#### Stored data
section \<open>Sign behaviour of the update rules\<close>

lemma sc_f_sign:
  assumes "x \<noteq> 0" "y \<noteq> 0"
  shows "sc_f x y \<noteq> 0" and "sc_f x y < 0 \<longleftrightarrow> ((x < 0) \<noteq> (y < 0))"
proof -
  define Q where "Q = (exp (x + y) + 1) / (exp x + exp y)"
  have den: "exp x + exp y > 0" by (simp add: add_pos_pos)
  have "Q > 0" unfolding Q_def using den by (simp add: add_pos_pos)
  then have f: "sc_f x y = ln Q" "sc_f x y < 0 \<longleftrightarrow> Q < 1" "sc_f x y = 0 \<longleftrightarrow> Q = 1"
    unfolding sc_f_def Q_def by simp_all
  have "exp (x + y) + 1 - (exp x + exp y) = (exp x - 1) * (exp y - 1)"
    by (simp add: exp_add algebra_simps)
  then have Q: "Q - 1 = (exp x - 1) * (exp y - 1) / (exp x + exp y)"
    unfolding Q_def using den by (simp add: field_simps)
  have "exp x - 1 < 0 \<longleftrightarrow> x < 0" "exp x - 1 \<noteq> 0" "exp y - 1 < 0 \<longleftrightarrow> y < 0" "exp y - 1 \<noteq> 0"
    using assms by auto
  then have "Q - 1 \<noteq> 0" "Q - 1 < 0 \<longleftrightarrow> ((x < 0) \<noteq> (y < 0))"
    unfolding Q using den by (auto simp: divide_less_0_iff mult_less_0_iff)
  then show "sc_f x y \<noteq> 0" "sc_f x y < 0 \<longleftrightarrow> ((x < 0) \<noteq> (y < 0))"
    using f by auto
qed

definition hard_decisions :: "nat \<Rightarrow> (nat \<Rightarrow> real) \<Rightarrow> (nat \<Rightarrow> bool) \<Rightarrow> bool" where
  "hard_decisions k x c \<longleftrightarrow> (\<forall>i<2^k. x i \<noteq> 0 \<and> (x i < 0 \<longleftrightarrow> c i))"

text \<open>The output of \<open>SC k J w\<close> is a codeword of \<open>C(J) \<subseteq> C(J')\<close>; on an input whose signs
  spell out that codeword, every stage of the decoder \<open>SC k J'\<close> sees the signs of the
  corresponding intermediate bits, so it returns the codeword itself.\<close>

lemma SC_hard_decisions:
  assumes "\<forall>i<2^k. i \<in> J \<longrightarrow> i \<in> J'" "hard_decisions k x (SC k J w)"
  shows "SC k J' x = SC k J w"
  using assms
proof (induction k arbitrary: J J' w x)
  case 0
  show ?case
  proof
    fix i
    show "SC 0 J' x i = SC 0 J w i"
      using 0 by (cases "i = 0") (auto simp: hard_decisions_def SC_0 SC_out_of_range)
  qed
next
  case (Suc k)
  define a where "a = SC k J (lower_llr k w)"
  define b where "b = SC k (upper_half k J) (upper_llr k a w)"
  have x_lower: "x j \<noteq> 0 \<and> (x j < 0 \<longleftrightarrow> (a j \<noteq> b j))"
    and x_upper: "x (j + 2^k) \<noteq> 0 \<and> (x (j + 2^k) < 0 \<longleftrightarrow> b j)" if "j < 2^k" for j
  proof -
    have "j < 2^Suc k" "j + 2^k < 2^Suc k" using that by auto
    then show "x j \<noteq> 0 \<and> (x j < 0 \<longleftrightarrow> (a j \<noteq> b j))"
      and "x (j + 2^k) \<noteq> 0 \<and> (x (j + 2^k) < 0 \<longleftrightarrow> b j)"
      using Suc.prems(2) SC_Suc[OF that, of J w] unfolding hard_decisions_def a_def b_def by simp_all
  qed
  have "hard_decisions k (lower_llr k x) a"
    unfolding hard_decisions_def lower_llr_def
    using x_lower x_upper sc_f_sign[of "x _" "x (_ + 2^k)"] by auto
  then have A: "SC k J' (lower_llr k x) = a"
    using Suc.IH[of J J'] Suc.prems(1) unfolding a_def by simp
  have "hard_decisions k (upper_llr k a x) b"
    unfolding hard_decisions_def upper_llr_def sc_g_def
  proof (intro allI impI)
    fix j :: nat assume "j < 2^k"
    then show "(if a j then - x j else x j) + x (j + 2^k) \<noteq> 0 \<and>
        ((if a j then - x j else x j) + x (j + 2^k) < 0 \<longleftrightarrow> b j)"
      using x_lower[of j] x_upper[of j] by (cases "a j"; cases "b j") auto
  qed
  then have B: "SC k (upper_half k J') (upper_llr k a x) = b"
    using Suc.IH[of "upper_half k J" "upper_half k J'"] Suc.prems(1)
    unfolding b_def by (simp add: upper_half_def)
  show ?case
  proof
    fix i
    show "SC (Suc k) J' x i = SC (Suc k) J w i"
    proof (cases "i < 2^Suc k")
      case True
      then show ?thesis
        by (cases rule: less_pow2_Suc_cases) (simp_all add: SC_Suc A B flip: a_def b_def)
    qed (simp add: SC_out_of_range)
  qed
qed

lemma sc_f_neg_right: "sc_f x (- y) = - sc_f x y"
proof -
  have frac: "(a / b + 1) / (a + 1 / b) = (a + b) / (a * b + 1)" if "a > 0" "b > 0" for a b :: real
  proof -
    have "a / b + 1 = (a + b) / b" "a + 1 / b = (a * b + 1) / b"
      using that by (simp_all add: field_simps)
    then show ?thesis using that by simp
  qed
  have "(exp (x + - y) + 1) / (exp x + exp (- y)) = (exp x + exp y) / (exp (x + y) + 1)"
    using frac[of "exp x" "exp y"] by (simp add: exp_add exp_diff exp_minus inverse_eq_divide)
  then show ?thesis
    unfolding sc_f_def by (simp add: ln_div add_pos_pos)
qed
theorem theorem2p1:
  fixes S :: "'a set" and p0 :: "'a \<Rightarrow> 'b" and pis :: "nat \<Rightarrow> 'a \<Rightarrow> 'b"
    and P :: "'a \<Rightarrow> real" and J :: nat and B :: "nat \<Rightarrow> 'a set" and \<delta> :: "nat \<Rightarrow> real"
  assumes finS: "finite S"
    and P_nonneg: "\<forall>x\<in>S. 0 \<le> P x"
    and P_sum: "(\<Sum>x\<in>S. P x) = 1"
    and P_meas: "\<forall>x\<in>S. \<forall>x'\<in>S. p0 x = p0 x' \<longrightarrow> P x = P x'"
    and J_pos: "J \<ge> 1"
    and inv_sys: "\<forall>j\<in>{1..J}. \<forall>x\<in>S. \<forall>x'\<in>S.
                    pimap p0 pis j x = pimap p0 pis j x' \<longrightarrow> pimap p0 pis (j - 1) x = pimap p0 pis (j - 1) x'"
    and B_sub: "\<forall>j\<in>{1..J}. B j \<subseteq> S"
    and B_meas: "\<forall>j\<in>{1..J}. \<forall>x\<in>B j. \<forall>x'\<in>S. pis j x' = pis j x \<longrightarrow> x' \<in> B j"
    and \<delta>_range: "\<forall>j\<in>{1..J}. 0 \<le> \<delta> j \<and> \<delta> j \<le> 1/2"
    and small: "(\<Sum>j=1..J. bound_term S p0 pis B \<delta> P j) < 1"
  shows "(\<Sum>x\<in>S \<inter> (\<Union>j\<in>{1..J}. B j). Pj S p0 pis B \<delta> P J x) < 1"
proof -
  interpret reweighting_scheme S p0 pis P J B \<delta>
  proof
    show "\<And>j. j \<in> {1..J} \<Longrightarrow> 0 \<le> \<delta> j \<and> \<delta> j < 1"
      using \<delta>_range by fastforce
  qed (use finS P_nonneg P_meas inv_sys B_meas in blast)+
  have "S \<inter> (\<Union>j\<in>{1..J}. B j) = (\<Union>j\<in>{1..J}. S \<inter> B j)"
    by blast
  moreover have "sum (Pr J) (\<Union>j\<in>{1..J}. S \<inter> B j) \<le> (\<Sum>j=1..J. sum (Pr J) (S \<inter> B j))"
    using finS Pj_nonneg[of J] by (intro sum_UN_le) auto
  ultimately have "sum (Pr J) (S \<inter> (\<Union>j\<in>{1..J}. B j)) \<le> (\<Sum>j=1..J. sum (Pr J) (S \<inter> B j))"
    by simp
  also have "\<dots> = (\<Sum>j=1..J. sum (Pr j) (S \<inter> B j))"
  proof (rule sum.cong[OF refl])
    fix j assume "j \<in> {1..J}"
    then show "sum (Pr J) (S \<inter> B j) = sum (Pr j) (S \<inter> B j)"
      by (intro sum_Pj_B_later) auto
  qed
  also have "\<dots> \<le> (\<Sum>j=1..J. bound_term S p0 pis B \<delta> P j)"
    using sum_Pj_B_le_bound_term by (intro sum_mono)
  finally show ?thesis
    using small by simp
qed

#### Required work
Reproduce exactly the lines that run from the start of the records to the line with "x + exp y >", both included.

#### Answer box
section \<open>Sign behaviour of the update rules\<close>

lemma sc_f_sign:
  assumes "x \<noteq> 0" "y \<noteq> 0"
  shows "sc_f x y \<noteq> 0" and "sc_f x y < 0 \<longleftrightarrow> ((x < 0) \<noteq> (y < 0))"
proof -
  define Q where "Q = (exp (x + y) + 1) / (exp x + exp y)"
  have den: "exp x + exp y > 0" by (simp add: add_pos_pos)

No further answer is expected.